⟨

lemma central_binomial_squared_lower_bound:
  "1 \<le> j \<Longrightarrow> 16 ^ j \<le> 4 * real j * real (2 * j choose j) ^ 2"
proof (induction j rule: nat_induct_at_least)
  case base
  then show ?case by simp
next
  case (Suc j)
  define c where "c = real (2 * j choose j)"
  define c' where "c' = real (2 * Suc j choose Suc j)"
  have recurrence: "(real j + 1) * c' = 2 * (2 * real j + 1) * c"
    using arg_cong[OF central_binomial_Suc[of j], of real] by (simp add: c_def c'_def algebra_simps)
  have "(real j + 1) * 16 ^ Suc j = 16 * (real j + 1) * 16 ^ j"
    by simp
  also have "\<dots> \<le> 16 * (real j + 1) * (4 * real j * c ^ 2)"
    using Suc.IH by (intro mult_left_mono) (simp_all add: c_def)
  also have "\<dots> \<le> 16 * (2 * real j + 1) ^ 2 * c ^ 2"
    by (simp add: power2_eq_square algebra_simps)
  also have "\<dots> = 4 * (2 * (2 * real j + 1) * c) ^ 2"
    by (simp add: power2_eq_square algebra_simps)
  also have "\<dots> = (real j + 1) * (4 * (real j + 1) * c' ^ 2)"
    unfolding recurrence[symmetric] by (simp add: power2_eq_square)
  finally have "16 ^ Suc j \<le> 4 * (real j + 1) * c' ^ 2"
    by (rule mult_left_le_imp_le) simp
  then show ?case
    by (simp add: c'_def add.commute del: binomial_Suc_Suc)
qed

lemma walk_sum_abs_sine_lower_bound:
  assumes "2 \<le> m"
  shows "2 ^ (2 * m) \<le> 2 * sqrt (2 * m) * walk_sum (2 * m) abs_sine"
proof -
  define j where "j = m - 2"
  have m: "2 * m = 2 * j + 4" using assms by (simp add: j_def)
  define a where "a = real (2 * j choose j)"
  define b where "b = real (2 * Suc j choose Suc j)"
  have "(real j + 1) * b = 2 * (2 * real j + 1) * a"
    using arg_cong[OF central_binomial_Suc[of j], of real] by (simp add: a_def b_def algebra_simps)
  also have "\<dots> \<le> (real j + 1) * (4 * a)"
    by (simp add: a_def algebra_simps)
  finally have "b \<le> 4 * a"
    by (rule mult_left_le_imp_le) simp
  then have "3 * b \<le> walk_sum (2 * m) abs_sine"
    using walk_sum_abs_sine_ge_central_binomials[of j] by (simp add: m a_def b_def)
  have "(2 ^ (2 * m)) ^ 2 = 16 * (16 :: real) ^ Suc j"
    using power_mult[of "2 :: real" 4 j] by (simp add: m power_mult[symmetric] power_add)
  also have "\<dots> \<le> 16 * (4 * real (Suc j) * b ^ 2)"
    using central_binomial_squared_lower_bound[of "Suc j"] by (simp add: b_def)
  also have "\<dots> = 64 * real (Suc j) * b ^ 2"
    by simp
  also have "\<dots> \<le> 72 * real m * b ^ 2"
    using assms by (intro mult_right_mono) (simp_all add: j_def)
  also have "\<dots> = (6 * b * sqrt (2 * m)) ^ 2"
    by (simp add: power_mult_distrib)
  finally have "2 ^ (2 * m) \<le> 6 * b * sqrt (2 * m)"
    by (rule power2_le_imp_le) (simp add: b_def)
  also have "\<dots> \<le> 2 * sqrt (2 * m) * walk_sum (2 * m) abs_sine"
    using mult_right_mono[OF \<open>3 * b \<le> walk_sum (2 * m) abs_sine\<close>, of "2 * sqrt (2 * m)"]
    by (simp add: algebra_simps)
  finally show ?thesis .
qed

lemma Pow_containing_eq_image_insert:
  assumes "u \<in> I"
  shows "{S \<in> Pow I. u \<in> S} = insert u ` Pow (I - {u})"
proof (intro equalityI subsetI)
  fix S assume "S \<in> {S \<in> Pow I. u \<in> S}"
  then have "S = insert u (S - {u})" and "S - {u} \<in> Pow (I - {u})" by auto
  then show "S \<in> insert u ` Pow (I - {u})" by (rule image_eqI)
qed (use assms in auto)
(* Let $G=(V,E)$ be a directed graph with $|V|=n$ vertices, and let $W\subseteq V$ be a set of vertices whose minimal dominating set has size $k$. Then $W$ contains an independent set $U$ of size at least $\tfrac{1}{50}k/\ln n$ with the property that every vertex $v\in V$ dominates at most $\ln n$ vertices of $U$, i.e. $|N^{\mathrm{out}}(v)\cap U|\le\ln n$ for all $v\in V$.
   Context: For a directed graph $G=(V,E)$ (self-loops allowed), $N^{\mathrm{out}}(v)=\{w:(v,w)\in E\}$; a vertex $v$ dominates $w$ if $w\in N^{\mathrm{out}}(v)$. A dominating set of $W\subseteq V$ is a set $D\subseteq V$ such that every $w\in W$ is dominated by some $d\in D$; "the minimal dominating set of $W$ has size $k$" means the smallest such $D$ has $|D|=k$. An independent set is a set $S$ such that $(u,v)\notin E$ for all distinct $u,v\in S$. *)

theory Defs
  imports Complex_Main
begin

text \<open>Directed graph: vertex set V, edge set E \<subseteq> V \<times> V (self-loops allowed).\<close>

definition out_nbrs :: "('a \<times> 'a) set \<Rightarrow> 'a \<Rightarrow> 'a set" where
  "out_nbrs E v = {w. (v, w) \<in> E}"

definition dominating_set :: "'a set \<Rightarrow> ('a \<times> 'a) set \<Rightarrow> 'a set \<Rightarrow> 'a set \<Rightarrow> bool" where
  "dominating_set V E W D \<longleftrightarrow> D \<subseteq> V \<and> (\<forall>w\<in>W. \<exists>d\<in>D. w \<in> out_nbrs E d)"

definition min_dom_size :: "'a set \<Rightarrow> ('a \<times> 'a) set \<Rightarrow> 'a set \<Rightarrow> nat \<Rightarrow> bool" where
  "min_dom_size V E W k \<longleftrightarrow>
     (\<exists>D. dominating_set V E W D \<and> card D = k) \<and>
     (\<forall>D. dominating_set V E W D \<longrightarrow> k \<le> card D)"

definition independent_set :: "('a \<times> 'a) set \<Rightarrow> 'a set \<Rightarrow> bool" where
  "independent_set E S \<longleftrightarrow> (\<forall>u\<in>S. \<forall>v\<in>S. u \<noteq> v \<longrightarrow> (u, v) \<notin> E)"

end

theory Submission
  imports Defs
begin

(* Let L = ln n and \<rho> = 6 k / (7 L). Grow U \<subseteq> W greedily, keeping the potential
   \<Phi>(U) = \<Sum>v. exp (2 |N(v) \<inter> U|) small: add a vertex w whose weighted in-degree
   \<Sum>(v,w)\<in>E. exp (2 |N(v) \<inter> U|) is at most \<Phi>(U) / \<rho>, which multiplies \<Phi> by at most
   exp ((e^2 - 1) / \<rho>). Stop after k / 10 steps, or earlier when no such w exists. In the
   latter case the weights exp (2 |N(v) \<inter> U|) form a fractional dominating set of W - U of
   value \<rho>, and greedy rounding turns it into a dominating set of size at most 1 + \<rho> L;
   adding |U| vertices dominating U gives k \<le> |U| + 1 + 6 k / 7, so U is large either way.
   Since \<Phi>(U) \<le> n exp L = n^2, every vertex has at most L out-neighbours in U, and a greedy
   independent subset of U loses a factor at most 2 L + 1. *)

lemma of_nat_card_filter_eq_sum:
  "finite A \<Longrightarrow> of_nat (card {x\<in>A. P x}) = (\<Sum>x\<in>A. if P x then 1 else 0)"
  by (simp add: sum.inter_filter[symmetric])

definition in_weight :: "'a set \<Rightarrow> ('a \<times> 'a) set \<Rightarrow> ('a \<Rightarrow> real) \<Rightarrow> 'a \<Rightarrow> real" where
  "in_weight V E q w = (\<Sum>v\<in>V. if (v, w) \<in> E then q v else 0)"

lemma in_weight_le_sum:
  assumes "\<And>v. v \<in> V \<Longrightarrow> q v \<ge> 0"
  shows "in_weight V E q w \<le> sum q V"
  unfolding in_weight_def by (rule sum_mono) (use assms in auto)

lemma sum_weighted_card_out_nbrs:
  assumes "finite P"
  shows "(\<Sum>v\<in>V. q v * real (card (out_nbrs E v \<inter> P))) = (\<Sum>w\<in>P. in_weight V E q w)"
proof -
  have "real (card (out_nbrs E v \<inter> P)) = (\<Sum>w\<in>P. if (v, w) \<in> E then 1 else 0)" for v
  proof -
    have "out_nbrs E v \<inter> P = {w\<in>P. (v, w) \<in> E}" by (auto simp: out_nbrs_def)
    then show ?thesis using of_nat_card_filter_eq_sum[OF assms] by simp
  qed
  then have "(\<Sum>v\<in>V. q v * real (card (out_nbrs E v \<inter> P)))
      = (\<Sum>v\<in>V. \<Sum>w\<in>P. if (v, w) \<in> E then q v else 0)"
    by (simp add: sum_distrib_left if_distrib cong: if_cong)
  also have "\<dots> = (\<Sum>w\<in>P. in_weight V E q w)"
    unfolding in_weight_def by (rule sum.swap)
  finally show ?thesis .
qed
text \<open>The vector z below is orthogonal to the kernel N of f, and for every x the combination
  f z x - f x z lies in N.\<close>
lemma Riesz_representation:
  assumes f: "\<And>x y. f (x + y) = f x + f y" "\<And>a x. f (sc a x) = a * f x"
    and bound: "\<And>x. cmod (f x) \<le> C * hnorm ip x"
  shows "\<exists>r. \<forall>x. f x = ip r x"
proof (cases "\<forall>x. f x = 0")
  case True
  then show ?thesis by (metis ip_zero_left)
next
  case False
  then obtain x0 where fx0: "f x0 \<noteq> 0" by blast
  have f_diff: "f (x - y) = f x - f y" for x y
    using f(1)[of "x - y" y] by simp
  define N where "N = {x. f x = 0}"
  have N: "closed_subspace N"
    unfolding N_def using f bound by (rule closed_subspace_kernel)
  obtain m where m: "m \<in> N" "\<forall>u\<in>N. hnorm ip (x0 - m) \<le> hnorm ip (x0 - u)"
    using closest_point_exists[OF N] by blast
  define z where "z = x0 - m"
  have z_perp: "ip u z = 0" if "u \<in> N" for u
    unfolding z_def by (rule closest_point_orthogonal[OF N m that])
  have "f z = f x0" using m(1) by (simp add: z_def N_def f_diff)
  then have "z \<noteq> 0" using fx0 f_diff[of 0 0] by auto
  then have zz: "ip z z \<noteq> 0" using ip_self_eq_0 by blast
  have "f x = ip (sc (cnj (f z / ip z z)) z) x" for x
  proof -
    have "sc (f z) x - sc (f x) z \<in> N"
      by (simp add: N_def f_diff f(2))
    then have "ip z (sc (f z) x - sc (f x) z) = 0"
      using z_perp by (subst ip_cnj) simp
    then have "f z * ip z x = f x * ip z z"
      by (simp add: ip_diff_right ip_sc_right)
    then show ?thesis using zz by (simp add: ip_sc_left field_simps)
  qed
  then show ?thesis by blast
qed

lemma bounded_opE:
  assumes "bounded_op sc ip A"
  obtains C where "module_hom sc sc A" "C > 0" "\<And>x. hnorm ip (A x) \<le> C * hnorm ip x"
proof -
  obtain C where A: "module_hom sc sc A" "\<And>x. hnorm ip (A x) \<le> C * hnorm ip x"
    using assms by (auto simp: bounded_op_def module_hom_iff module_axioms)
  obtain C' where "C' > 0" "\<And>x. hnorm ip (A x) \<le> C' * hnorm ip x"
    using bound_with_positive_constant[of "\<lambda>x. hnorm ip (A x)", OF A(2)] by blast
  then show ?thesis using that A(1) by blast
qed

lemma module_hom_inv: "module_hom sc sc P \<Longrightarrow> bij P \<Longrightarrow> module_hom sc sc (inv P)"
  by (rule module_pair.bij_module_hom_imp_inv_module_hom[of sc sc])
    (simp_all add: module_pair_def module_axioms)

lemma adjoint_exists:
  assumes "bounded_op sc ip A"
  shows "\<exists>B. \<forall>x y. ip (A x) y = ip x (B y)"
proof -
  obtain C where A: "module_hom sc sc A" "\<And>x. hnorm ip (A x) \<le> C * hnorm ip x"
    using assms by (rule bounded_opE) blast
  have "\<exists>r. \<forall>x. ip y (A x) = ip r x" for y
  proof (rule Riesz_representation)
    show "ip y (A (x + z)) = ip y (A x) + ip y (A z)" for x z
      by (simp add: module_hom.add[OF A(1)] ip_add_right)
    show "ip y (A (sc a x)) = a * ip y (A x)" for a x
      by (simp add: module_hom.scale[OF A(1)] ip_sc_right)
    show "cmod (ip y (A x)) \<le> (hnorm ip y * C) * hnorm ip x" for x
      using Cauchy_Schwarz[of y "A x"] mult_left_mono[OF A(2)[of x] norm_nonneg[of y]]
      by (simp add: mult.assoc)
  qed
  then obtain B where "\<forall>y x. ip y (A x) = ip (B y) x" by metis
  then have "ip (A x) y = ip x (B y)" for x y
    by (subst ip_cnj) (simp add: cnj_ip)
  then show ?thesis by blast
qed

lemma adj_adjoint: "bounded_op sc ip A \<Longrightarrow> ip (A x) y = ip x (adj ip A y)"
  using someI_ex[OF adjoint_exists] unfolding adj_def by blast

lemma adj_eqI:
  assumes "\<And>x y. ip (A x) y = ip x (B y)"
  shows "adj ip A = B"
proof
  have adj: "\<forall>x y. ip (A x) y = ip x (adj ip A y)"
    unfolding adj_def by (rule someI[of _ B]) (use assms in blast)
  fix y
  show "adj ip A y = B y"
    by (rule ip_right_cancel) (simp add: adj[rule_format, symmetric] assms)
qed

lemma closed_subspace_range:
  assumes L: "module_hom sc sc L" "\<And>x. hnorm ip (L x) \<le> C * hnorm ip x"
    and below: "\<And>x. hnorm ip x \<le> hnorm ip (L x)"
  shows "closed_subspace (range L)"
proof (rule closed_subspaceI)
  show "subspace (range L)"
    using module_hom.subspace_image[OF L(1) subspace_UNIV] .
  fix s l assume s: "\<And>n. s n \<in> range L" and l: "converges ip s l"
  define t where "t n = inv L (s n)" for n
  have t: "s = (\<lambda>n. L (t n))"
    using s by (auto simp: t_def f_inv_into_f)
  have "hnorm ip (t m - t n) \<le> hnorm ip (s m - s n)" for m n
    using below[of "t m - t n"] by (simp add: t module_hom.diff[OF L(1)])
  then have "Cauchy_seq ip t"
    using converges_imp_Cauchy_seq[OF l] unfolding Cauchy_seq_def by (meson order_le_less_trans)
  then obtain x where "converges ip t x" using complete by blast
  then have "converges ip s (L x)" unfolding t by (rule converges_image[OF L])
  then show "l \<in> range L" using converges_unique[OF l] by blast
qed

⟩

- **TASK DIRECTIONS**: Reproduce only this range: the first line of the data above through the line with "case (Suc j)", both included, exactly as written.

- **WRITTEN SOLUTION**:
lemma central_binomial_squared_lower_bound:
  "1 \<le> j \<Longrightarrow> 16 ^ j \<le> 4 * real j * real (2 * j choose j) ^ 2"
proof (induction j rule: nat_induct_at_least)
  case base
  then show ?case by simp
next
  case (Suc j)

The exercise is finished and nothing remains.